> _WHAT IS EXPECTED_
Find and copy the lines in the records beneath this task that contain the word "shows".

> _STORED DATA_
definition parity_shift :: "gmf \<Rightarrow> gmf" where
  "parity_shift M = \<lparr> rk0 = rk1 M, rk1 = rk0 M, deg0 = deg1 M, deg1 = deg0 M,
     dd1 = dd0 M, dd0 = dd1 M \<rparr>"

lemma parity_shift_simps [simp]:
  "rk0 (parity_shift M) = rk1 M" "rk1 (parity_shift M) = rk0 M"
  "deg0 (parity_shift M) = deg1 M" "deg1 (parity_shift M) = deg0 M"
  "dd0 (parity_shift M) = dd1 M" "dd1 (parity_shift M) = dd0 M"
  by (simp_all add: parity_shift_def)

lemma is_gmf_parity_shift: "is_gmf d (parity_shift M) \<longleftrightarrow> is_gmf d M"
  by (auto simp: is_gmf_def)

lemma ZMF_parity_shift:
  "(F0, F1) \<in> ZMF d (parity_shift M) (parity_shift N) \<longleftrightarrow> (F1, F0) \<in> ZMF d M N"
  by (auto simp: ZMF_def)

lemma nullhtp_parity_shift:
  "nullhtp d (parity_shift M) (parity_shift N) (F0, F1) \<longleftrightarrow> nullhtp d M N (F1, F0)"
  unfolding nullhtp_def by auto

lemma unit_dd1_degrees:
  assumes "is_gmf d Z" "rk0 Z = 1" "rk1 Z = 1" "dd1 Z = sid 1 1"
  shows "deg0 Z 0 = deg1 Z 0 + 1"
proof -
  have "hdeg d 1 (deg1 Z 0 + 1 - deg0 Z 0)"
    using assms unfolding is_gmf_def is_hmat_def sid_def by auto
  then show ?thesis by (simp add: hdeg_1_iff algebra_simps)
qed

lemma nullhtp_from_unit_dd1:
  assumes Z: "is_gmf d Z" "rk0 Z = 1" "rk1 Z = 1" "dd1 Z = sid 1 1"
    and F: "(F0, F1) \<in> ZMF d Z M"
  shows "nullhtp d Z M (F0, F1)"
proof -
  have F0: "is_hmat d 0 1 (deg0 Z) (rk0 M) (deg0 M) F0"
    and F1: "is_hmat d 0 1 (deg1 Z) (rk1 M) (deg1 M) F1"
    and chain: "mmul (rk1 M) (dd1 M) F1 = mmul 1 F0 (sid 1 1)"
    using F Z by (auto simp: ZMF_def)
  have "F0 = mmul (rk1 M) (dd1 M) F1"
    using chain F0 mmul_sid_right[of 1 F0] by (simp add: is_hmat_def)
  moreover have "F1 = mmul 1 F1 (sid 1 1)"
    using F1 mmul_sid_right[of 1 F1] by (simp add: is_hmat_def)
  moreover have "is_hmat d (-1) 1 (deg0 Z) (rk1 M) (deg1 M) F1"
    by (rule is_hmat_regrade[OF F1]) (simp add: unit_dd1_degrees[OF Z])
  ultimately show ?thesis
    unfolding nullhtp_def using Z by (intro exI[of _ F1] exI[of _ "\<lambda>_ _. 0"]) simp
qed

lemma nullhtp_to_unit_dd1:
  assumes Z: "is_gmf d Z" "rk0 Z = 1" "rk1 Z = 1" "dd1 Z = sid 1 1"
    and F: "(F0, F1) \<in> ZMF d M Z"
  shows "nullhtp d M Z (F0, F1)"
proof -
  have F0: "is_hmat d 0 (rk0 M) (deg0 M) 1 (deg0 Z) F0"
    and F1: "is_hmat d 0 (rk1 M) (deg1 M) 1 (deg1 Z) F1"
    and chain: "mmul 1 (sid 1 1) F1 = mmul (rk0 M) F0 (dd1 M)"
    using F Z by (auto simp: ZMF_def)
  have "F1 = mmul (rk0 M) F0 (dd1 M)"
    using chain F1 mmul_sid_left[of 1 F1] by (simp add: is_hmat_def)
  moreover have "F0 = mmul 1 (sid 1 1) F0"
    using F0 mmul_sid_left[of 1 F0] by (simp add: is_hmat_def)
  moreover have "is_hmat d (-1) (rk0 M) (deg0 M) 1 (deg1 Z) F0"
    by (rule is_hmat_regrade[OF F0]) (simp add: unit_dd1_degrees[OF Z])
  ultimately show ?thesis
    unfolding nullhtp_def using Z by (intro exI[of _ F0] exI[of _ "\<lambda>_ _. 0"]) simp
qed

lemma is_zero_obj_if_unit_differential:
  assumes d: "d > 0" and Z: "is_gmf d Z" "rk0 Z = 1" "rk1 Z = 1"
    and unit: "dd1 Z = sid 1 1 \<or> dd0 Z = sid 1 1"
  shows "is_zero_obj d Z"
proof -
  have nullhtp_all:
    "(\<forall>F \<in> ZMF d Z M. nullhtp d Z M F) \<and> (\<forall>F \<in> ZMF d M Z. nullhtp d M Z F)" for M
    using unit
  proof
    assume "dd1 Z = sid 1 1"
    then show ?thesis
      unfolding Ball_def split_paired_All using nullhtp_from_unit_dd1[OF Z] nullhtp_to_unit_dd1[OF Z]
      by blast
  next
    assume "dd0 Z = sid 1 1"
    then have Z': "is_gmf d (parity_shift Z)" "rk0 (parity_shift Z) = 1"
      "rk1 (parity_shift Z) = 1" "dd1 (parity_shift Z) = sid 1 1"
      using Z by (simp_all add: is_gmf_parity_shift)
    have "nullhtp d Z M (F0, F1)" if "(F0, F1) \<in> ZMF d Z M" for F0 F1
    proof -
      have "nullhtp d (parity_shift Z) (parity_shift M) (F1, F0)"
        by (rule nullhtp_from_unit_dd1[OF Z']) (simp add: ZMF_parity_shift that)
      then show ?thesis by (simp add: nullhtp_parity_shift)
    qed
    moreover have "nullhtp d M Z (F0, F1)" if "(F0, F1) \<in> ZMF d M Z" for F0 F1
    proof -
      have "nullhtp d (parity_shift M) (parity_shift Z) (F1, F0)"
        by (rule nullhtp_to_unit_dd1[OF Z']) (simp add: ZMF_parity_shift that)
      then show ?thesis by (simp add: nullhtp_parity_shift)
    qed
    ultimately show ?thesis unfolding Ball_def split_paired_All by blast
  qed
  show ?thesis
    unfolding is_zero_obj_def
  proof (intro conjI allI impI Z(1))
    fix M
    show "\<exists>C. HMF d Z M = {C}" "\<exists>C. HMF d M Z = {C}"
      using nullhtp_all[of M] by (auto intro!: HMF_singleton_if_nullhtp[OF d])
  qed
qed

lemma is_hmat_1x1_eq_0:
  assumes "is_hmat d k 1 g 1 h G" "Re (g 0 + k - h 0) < 0"
  shows "G = (\<lambda>_ _. 0)"
proof -
  have "hdeg d (G 0 0) (g 0 + k - h 0)"
    using assms(1) by (simp add: is_hmat_def)
  then have "G 0 0 = 0"
    using assms(2) by (rule hdeg_eq_0_if_Re_neg)
  moreover have "G i j = 0" if "i \<noteq> 0 \<or> j \<noteq> 0" for i j
    using assms(1) that by (auto simp: is_hmat_def Suc_le_eq)
  ultimately show ?thesis by (intro ext) metis
qed

lemma nullhtp_Phat_eq_0:
  assumes R: "0 < card R" "card R < d" and S: "0 < card S" "card S < d"
    and F: "nullhtp d (Phat d R) (Phat d S) F"
  shows "F = (\<lambda>_ _. 0, \<lambda>_ _. 0)"
proof -
  obtain G0 G1 where
    G0: "is_hmat d (-1) 1 (deg0 (Phat d R)) 1 (deg1 (Phat d S)) G0" and
    G1: "is_hmat d (-1) 1 (deg1 (Phat d R)) 1 (deg0 (Phat d S)) G1" and
    F: "F = (madd (mmul 1 (dd1 (Phat d S)) G0) (mmul 1 G1 (dd0 (Phat d R))),
             madd (mmul 1 (dd0 (Phat d S)) G1) (mmul 1 G0 (dd1 (Phat d R))))"
    using F unfolding nullhtp_def by (auto simp: Phat_def P_def prod_eq_iff)
  have "Re (deg0 (Phat d R) 0 + -1 - deg1 (Phat d S) 0) = - (card R + card S) / d"
    by (simp add: Phat_def P_def Re_divide_of_nat diff_divide_distrib add_divide_distrib)
  also have "\<dots> < 0"
    using R S by (simp add: divide_neg_pos)
  finally have G0_eq_0: "G0 = (\<lambda>_ _. 0)" by (rule is_hmat_1x1_eq_0[OF G0])
  have "Re (deg1 (Phat d R) 0 + -1 - deg0 (Phat d S) 0) = (card R + card S) / d - 2"
    by (simp add: Phat_def P_def Re_divide_of_nat diff_divide_distrib add_divide_distrib)
  also have "\<dots> < 0"
    using R S by (simp add: divide_less_eq)
  finally have G1_eq_0: "G1 = (\<lambda>_ _. 0)" by (rule is_hmat_1x1_eq_0[OF G1])
  show ?thesis using F G0_eq_0 G1_eq_0 by simp
qed

lemma is_gmf_P_empty_or_full:
  assumes d: "d > 0" and S: "S = {} \<or> S = {..<d}"
  shows "is_gmf d (P d S \<alpha>)"
  using S d unfolding is_gmf_def is_hmat_def P_def
  by (elim disjE) (simp_all add: mmul_def sid_def fun_eq_iff prod_linear_forms_roots_unity
      hdeg_1_iff hdeg_diff_powers)

theorem lemma3p13:
  fixes d :: nat
  assumes "d \<ge> 2"
  shows "is_zero_obj d (Phat d {}) \<and> is_zero_obj d (Phat d {..<d}) \<and>
    (\<forall>R S. R \<noteq> {} \<and> R \<subset> {..<d} \<and> S \<noteq> {} \<and> S \<subset> {..<d} \<longrightarrow>
       HMF d (Phat d R) (Phat d S) = (\<lambda>f. {f}) ` ZMF d (Phat d R) (Phat d S))"
proof (intro conjI allI impI)
  have d: "d > 0" using assms by simp
  have gmf: "is_gmf d (Phat d S)" if "S = {} \<or> S = {..<d}" for S
    unfolding Phat_def using d that by (rule is_gmf_P_empty_or_full)
  show "is_zero_obj d (Phat d {})" "is_zero_obj d (Phat d {..<d})"
    by (rule is_zero_obj_if_unit_differential[OF d gmf];
        use d in \<open>simp add: Phat_def P_def sid_def fun_eq_iff\<close>)+
  fix R S assume "R \<noteq> {} \<and> R \<subset> {..<d} \<and> S \<noteq> {} \<and> S \<subset> {..<d}"
  then have "0 < card R" "card R < d" "0 < card S" "card S < d"
    using psubset_card_mono[of "{..<d}"] by (auto simp: card_gt_0_iff intro: finite_subset)
  then show "HMF d (Phat d R) (Phat d S) = (\<lambda>f. {f}) ` ZMF d (Phat d R) (Phat d S)"
    by (intro HMF_eq_singletons_if_nullhtp_eq_0 nullhtp_Phat_eq_0)
qed

end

> _SOLUTION_
  shows "deg0 Z 0 = deg1 Z 0 + 1"
  shows "nullhtp d Z M (F0, F1)"
  shows "nullhtp d M Z (F0, F1)"
  shows "is_zero_obj d Z"
  shows "G = (\<lambda>_ _. 0)"
  shows "F = (\<lambda>_ _. 0, \<lambda>_ _. 0)"
  shows "is_gmf d (P d S \<alpha>)"
  shows "is_zero_obj d (Phat d {}) \<and> is_zero_obj d (Phat d {..<d}) \<and>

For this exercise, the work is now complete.